Kunal and Kritti are a part of the IITB wing of GROWTH collaboration led by Prof. Varun Bhalerao from the Physics Department. Caltech leads the GROWTH collaboration which stands for Global Relay of Observatories Watching Transient Happen. It is an international scientific collaborative project in astronomy studying the physics of fast-changing events in the cosmos like supernovae, neutron stars or black-hole mergers and near-earth asteroids. Kunal and Kritti work on the objective of finding asteroids as part of the ZTF Solar System Working Group led by Caltech. This group has members from India, Taiwan, UK, and the US who collectively work on finding asteroids.     

 

A look into how the asteroid was detected:

The process begins in the Palomar Observatory, California, United States. Here, the Zwicky Transient Facility, a wide-field sky astronomical survey, uses a camera attached to the Samuel Oschin Telescope to survey the skies with the massive field of view of 47 square degrees.
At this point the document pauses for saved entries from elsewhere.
(* Let $A$ be a T-brace. Then the additive group of $\zeta_n(\star,A)/\zeta(\star,A)$ is periodic for all natural numbers $n$.
   Context: A (left) brace is a set $A$ with two operations $+$ and $\cdot$ such that $(A,+)$ is an abelian group, $(A,\cdot)$ is a group, and $a(b+c)=ab+ac-a$ for all $a,b,c\in A$. Put $a\star b=ab-a-b$. A subbrace is a subset which is a subgroup of both $(A,+)$ and $(A,\cdot)$; a subbrace $L$ is an ideal if $a\star z, z\star a\in L$ for all $a\in A$, $z\in L$, and then the quotient brace $A/L$ is defined. $A$ is a T-brace if whenever $I$ is an ideal of $J$ and $J$ is an ideal of $A$, then $I$ is an ideal of $A$. The $\star$-center is $\zeta(\star,A)=\{a: a\star x=x\star a=0\ \forall x\}$; the upper $\star$-central series is $\zeta_0(\star,A)=0$, $\zeta_{n+1}(\star,A)/\zeta_n(\star,A)=\zeta(\star,A/\zeta_n(\star,A))$, each term an ideal of $A$. *)

theory Defs
  imports Main
begin

text \<open>A (left) brace whose underlying set is the whole type 'a: the addition is the
  abelian group structure of the type class ab_group_add, the multiplication is m.\<close>

definition mgroup :: "('a \<Rightarrow> 'a \<Rightarrow> 'a) \<Rightarrow> bool" where
  "mgroup m \<longleftrightarrow> (\<forall>a b c. m (m a b) c = m a (m b c)) \<and>
     (\<exists>e. (\<forall>a. m e a = a \<and> m a e = a) \<and> (\<forall>a. \<exists>b. m a b = e \<and> m b a = e))"

definition mone :: "('a \<Rightarrow> 'a \<Rightarrow> 'a) \<Rightarrow> 'a" where
  "mone m = (THE e. \<forall>a. m e a = a \<and> m a e = a)"

definition minv :: "('a \<Rightarrow> 'a \<Rightarrow> 'a) \<Rightarrow> 'a \<Rightarrow> 'a" where
  "minv m a = (THE b. m a b = mone m \<and> m b a = mone m)"

definition brace :: "('a::ab_group_add \<Rightarrow> 'a \<Rightarrow> 'a) \<Rightarrow> bool" where
  "brace m \<longleftrightarrow> mgroup m \<and> (\<forall>a b c. m a (b + c) = m a b + m a c - a)"

definition star :: "('a::ab_group_add \<Rightarrow> 'a \<Rightarrow> 'a) \<Rightarrow> 'a \<Rightarrow> 'a \<Rightarrow> 'a" where
  "star m a b = m a b - a - b"

definition subbrace :: "('a::ab_group_add \<Rightarrow> 'a \<Rightarrow> 'a) \<Rightarrow> 'a set \<Rightarrow> bool" where
  "subbrace m L \<longleftrightarrow>
     0 \<in> L \<and> (\<forall>a\<in>L. \<forall>b\<in>L. a + b \<in> L) \<and> (\<forall>a\<in>L. - a \<in> L) \<and>
     mone m \<in> L \<and> (\<forall>a\<in>L. \<forall>b\<in>L. m a b \<in> L) \<and> (\<forall>a\<in>L. minv m a \<in> L)"

text \<open>L is an ideal of the subbrace J (J = UNIV: ideal of A).\<close>
definition ideal_of :: "('a::ab_group_add \<Rightarrow> 'a \<Rightarrow> 'a) \<Rightarrow> 'a set \<Rightarrow> 'a set \<Rightarrow> bool" where
  "ideal_of m L J \<longleftrightarrow> subbrace m J \<and> subbrace m L \<and> L \<subseteq> J \<and>
     (\<forall>a\<in>J. \<forall>z\<in>L. star m a z \<in> L \<and> star m z a \<in> L)"

definition tbrace :: "('a::ab_group_add \<Rightarrow> 'a \<Rightarrow> 'a) \<Rightarrow> bool" where
  "tbrace m \<longleftrightarrow> (\<forall>I J. ideal_of m I J \<and> ideal_of m J UNIV \<longrightarrow> ideal_of m I UNIV)"

text \<open>Upper star-central series, with the quotient unfolded: in A/L one has
  (a+L) star (x+L) = (a star x) + L, so zeta_(n+1) is the preimage of the star-center
  of A/zeta_n.\<close>
fun zeta :: "('a::ab_group_add \<Rightarrow> 'a \<Rightarrow> 'a) \<Rightarrow> nat \<Rightarrow> 'a set" where
  "zeta m 0 = {0}"
| "zeta m (Suc n) = {a. \<forall>x. star m a x \<in> zeta m n \<and> star m x a \<in> zeta m n}"

end

theory Submission
  imports Defs "HOL.Modules"
begin

text \<open>Let \<open>L\<close> be an ideal, let \<open>Z\<^sub>1\<close> and \<open>Z\<^sub>2\<close> be the next two terms of the
  \<open>\<star>\<close>-central series over \<open>L\<close>, and suppose \<open>a \<in> Z\<^sub>2\<close> has no non-zero multiple in \<open>Z\<^sub>1\<close>. Put
  \<open>b = 2a\<close> and \<open>d = b \<star> b\<close>. Then \<open>J = \<langle>b\<rangle> + Z\<^sub>1\<close> is an ideal of \<open>A\<close>, since it lies between
  \<open>Z\<^sub>1\<close> and \<open>Z\<^sub>2\<close>, and \<open>I = \<langle>b, d\<rangle> + L\<close> is an ideal of \<open>J\<close>, since \<open>t \<star> b \<equiv> n d\<close> modulo \<open>L\<close>
  whenever \<open>t \<equiv> n b\<close> modulo \<open>Z\<^sub>1\<close>. In a T-brace \<open>I\<close> is therefore an ideal of \<open>A\<close>, so
  \<open>e = a \<star> b\<close> lies in \<open>I \<inter> Z\<^sub>1 = \<langle>d\<rangle> + L\<close>, say \<open>e \<equiv> l d\<close>. As \<open>d \<equiv> 2e\<close>, the odd number
  \<open>1 - 2l\<close> kills \<open>d\<close>, hence all of \<open>I \<inter> Z\<^sub>1\<close>, which contains every \<open>x \<star> b\<close> and \<open>b \<star> x\<close>;
  so \<open>(1 - 2l) b \<in> Z\<^sub>1\<close>, a contradiction.\<close>

definition zsmul :: "int \<Rightarrow> 'a::ab_group_add \<Rightarrow> 'a" where
  "zsmul i x = (\<Sum>_<nat i. x) - (\<Sum>_<nat (- i). x)"

lemma sum_const_lessThan_add:
  "(\<Sum>_<k + l. x) = (\<Sum>_<k. x) + (\<Sum>_<l. x)" for k l :: nat and x :: "'a::ab_group_add"
  by (induction k) (simp_all add: algebra_simps)

lemma sum_const_lessThan_mult:
  "(\<Sum>_<k * l. x) = (\<Sum>_<k. \<Sum>_<l. x)" for k l :: nat and x :: "'a::ab_group_add"
  by (induction k) (simp_all add: sum_const_lessThan_add)

lemma zsmul_of_nat_diff: "zsmul (int p - int q) x = (\<Sum>_<p. x) - (\<Sum>_<q. x)"
proof -
  have "p + nat (int q - int p) = nat (int p - int q) + q" by linarith
  then have "(\<Sum>_<p. x) + (\<Sum>_<nat (int q - int p). x) = (\<Sum>_<nat (int p - int q). x) + (\<Sum>_<q. x)"
    by (metis sum_const_lessThan_add)
  then show ?thesis unfolding zsmul_def by (simp add: algebra_simps)
qed

lemma zsmul_of_nat: "zsmul (int k) x = (\<Sum>_<k. x)"
  using zsmul_of_nat_diff[of k 0] by simp

text \<open>Every abelian group is a \<open>\<int>\<close>-module; its subspaces are the additive subgroups and
  \<open>int_module.span X\<close> is the subgroup generated by \<open>X\<close>.\<close>

interpretation int_module: module "zsmul :: int \<Rightarrow> 'a::ab_group_add \<Rightarrow> 'a"
proof
  fix i j :: int and x y :: 'a
  obtain p q where i: "i = int p - int q" by (rule int_diff_cases)
  obtain p' q' where j: "j = int p' - int q'" by (rule int_diff_cases)
  show "zsmul i (x + y) = zsmul i x + zsmul i y"
    unfolding zsmul_def by (simp add: sum.distrib algebra_simps)
  have "i + j = int (p + p') - int (q + q')" using i j by simp
  then show "zsmul (i + j) x = zsmul i x + zsmul j x"
    by (simp only: zsmul_of_nat_diff) (simp add: i j zsmul_of_nat_diff sum_const_lessThan_add)
  have "i * j = int (p * p' + q * q') - int (p * q' + q * p')" unfolding i j by (simp add: algebra_simps)
  then show "zsmul i (zsmul j x) = zsmul (i * j) x"
    by (simp only: zsmul_of_nat_diff)
      (simp add: i j zsmul_of_nat_diff sum_const_lessThan_add sum_const_lessThan_mult sum_subtractf)
  show "zsmul 1 x = x" unfolding zsmul_def by simp
qed

lemma int_module_subspaceI:
  assumes "0 \<in> S" and "\<And>x y. x \<in> S \<Longrightarrow> y \<in> S \<Longrightarrow> x + y \<in> S" and "\<And>x. x \<in> S \<Longrightarrow> - x \<in> S"
  shows "int_module.subspace S"
proof (rule int_module.subspaceI[OF assms(1,2)])
  fix i and x :: 'a assume x: "x \<in> S"
  show "zsmul i x \<in> S"
  proof (induction i rule: int_induct[where k = 0])
    case base show ?case using assms(1) by simp
  next
    case (step1 i)
    then show ?case using assms(2)[OF _ x] by (simp add: int_module.scale_left_distrib)
  next
    case (step2 i)
    then have "zsmul i x + - x \<in> S" using assms(2,3) x by blast
    then show ?case by (simp add: int_module.scale_left_diff_distrib)
  qed
qed

lemma additive_zsmul:
  assumes "additive f"
  shows "f (zsmul i x) = zsmul i (f x)"
proof -
  obtain p q where "i = int p - int q" by (rule int_diff_cases)
  then show ?thesis by (simp add: zsmul_of_nat_diff additive.diff[OF assms] additive.sum[OF assms])
qed

lemma additive_zsmul_right: "additive (zsmul i)"
  by unfold_locales (rule int_module.scale_right_distrib)

lemma additive_module_hom: "additive f \<Longrightarrow> module_hom zsmul zsmul f"
  by (simp add: module_hom_def module_hom_axioms_def additive.add additive_zsmul
      int_module.module_axioms)

lemma additive_image_span_subset:
  assumes "additive f" and "int_module.subspace I" and "f ` X \<subseteq> I"
  shows "f ` int_module.span X \<subseteq> I"
proof -
  interpret module_hom zsmul zsmul f using assms(1) by (rule additive_module_hom)
  have "int_module.span (f ` X) \<subseteq> I" using assms(2,3) by (rule int_module.span_minimal[rotated])
  then show ?thesis by (simp add: span_image)
qed

lemma quasi_additive_zsmul:
  assumes L: "int_module.subspace L" and S: "int_module.subspace S"
    and g: "\<And>u v. u \<in> S \<Longrightarrow> v \<in> S \<Longrightarrow> g (u + v) - (g u + g v) \<in> L"
    and u: "u \<in> S"
  shows "g (zsmul i u) - zsmul i (g u) \<in> L"
proof (induction i rule: int_induct[where k = 0])
  case base
  have "g (0 + 0) - (g 0 + g 0) \<in> L" using g int_module.subspace_0[OF S] by blast
  then show ?case using int_module.subspace_neg[OF L] by fastforce
next
  case (step1 i)
  have "g (zsmul i u + u) - (g (zsmul i u) + g u) \<in> L"
    using g int_module.subspace_scale[OF S u] u by blast
  from int_module.subspace_add[OF L this step1.IH] show ?case
    by (simp add: int_module.scale_left_distrib algebra_simps)
next
  case (step2 i)
  have "g (zsmul (i - 1) u + u) - (g (zsmul (i - 1) u) + g u) \<in> L"
    using g int_module.subspace_scale[OF S u] u by blast
  from int_module.subspace_diff[OF L step2.IH this] show ?case
    by (simp add: int_module.scale_left_diff_distrib algebra_simps)
qed

lemma zsmul_abs_mem: "int_module.subspace S \<Longrightarrow> zsmul i x \<in> S \<Longrightarrow> zsmul \<bar>i\<bar> x \<in> S"
  by (cases "0 \<le> i") (simp_all add: int_module.subspace_neg)

lemma span_insert_Int_subset:
  assumes Z: "int_module.subspace Z" and "int_module.span S \<subseteq> Z"
    and no_multiple: "\<And>i. i \<noteq> 0 \<Longrightarrow> zsmul i b \<notin> Z"
  shows "int_module.span (insert b S) \<inter> Z \<subseteq> int_module.span S"
proof
  fix s assume "s \<in> int_module.span (insert b S) \<inter> Z"
  then obtain i where i: "s - zsmul i b \<in> int_module.span S" and s: "s \<in> Z"
    by (auto simp: int_module.span_breakdown_eq)
  have "s - zsmul i b \<in> Z" using i assms(2) by blast
  from int_module.subspace_diff[OF Z s this] have "zsmul i b \<in> Z" by simp
  then have "i = 0" using no_multiple by blast
  then show "s \<in> int_module.span S" using i by simp
qed

lemma zsmul_odd_mem:
  assumes L: "int_module.subspace L" and "d - (e + e) \<in> L" and "e - zsmul l d \<in> L"
  shows "zsmul (1 - (l + l)) d \<in> L"
proof -
  have "zsmul (1 - (l + l)) d = (d - (e + e)) + (e - zsmul l d) + (e - zsmul l d)"
    by (simp only: int_module.scale_left_diff_distrib int_module.scale_left_distrib
        int_module.scale_one) (simp add: algebra_simps)
  also have "\<dots> \<in> L" using assms by (intro int_module.subspace_add[OF L])
  finally show ?thesis .
qed

definition center_mod :: "('a::ab_group_add \<Rightarrow> 'a \<Rightarrow> 'a) \<Rightarrow> 'a set \<Rightarrow> 'a set" where
  "center_mod m L = {a. \<forall>x. star m a x \<in> L \<and> star m x a \<in> L}"

lemma zeta_Suc_center_mod: "zeta m (Suc n) = center_mod m (zeta m n)"
  by (simp add: center_mod_def)

lemma subbrace_UNIV: "subbrace m UNIV"
  by (simp add: subbrace_def)

lemma ideal_of_subspace: "ideal_of m L J \<Longrightarrow> int_module.subspace L"
  by (rule int_module_subspaceI) (auto simp: ideal_of_def subbrace_def)

lemma ideal_of_UNIV_star:
  assumes "ideal_of m L UNIV" and "l \<in> L"
  shows "star m x l \<in> L" and "star m l x \<in> L"
  using assms unfolding ideal_of_def by blast+

lemma ideal_subset_center_mod: "ideal_of m L UNIV \<Longrightarrow> L \<subseteq> center_mod m L"
  by (auto simp: center_mod_def intro: ideal_of_UNIV_star)

locale left_brace =
  fixes m :: "'a::ab_group_add \<Rightarrow> 'a \<Rightarrow> 'a"
  assumes brace: "brace m"
begin

lemma mult_assoc: "m (m a b) c = m a (m b c)"
  using brace unfolding brace_def mgroup_def by blast

lemma mult_add_right: "m a (b + c) = m a b + m a c - a"
  using brace unfolding brace_def by blast

lemma mult_zero_right [simp]: "m a 0 = a"
  using mult_add_right[of a 0 0] by simp

lemma neutral_eq_zero: "\<forall>a. m e a = a \<and> m a e = a \<Longrightarrow> e = 0"
  by (metis mult_zero_right)

lemma mult_zero_left [simp]: "m 0 a = a"
  and inverse_exists: "\<exists>b. m a b = 0 \<and> m b a = 0"
proof -
  obtain e where e: "\<forall>a. m e a = a \<and> m a e = a" "\<forall>a. \<exists>b. m a b = e \<and> m b a = e"
    using brace unfolding brace_def mgroup_def by blast
  moreover have "e = 0" using e(1) by (rule neutral_eq_zero)
  ultimately show "m 0 a = a" "\<exists>b. m a b = 0 \<and> m b a = 0" by simp_all
qed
For comparison, the moon is about 0.2 square degrees when viewed from the earth. To capture such a wide field of view, the camera uses 16 CCDs (a CCD is an array of photosensitive capacitors) of 6144 X 6160 pixels each. Such wide-field facilities are designed to detect transient changes in the night sky—moving objects such as comets and asteroids, collisions between neutron stars, gamma-ray bursts and supernovae. These phenomena are referred to as transients.

Now, the asteroid detection process consists of three key steps.

1) Image capturing and processing – This step involves capturing a multitude of images, processing them into science images and vetting them using Machine Learning and Deep Learning algorithms to look for transients. The two classification problems here are real/bogus separation to separate astrophysical sources from artefacts and separation into different classes among the astrophysical sources. The challenge of real/bogus classification is the construction of a training set that is representative of nightly data across filters, sky location, and in the case of multi-CCD surveys like ZTF, possible variations between CCDs, as well as cross-talk. The real/bogus separation algorithms are trained using pictures of actual asteroid streaks, artificially injected streaks and false positives. This is done to remove biases which may creep into the classification during training and to ensure that no real transient goes unnoticed. The ML and DL algorithms eliminate a large number of images, which do not have any transients in them for sure. 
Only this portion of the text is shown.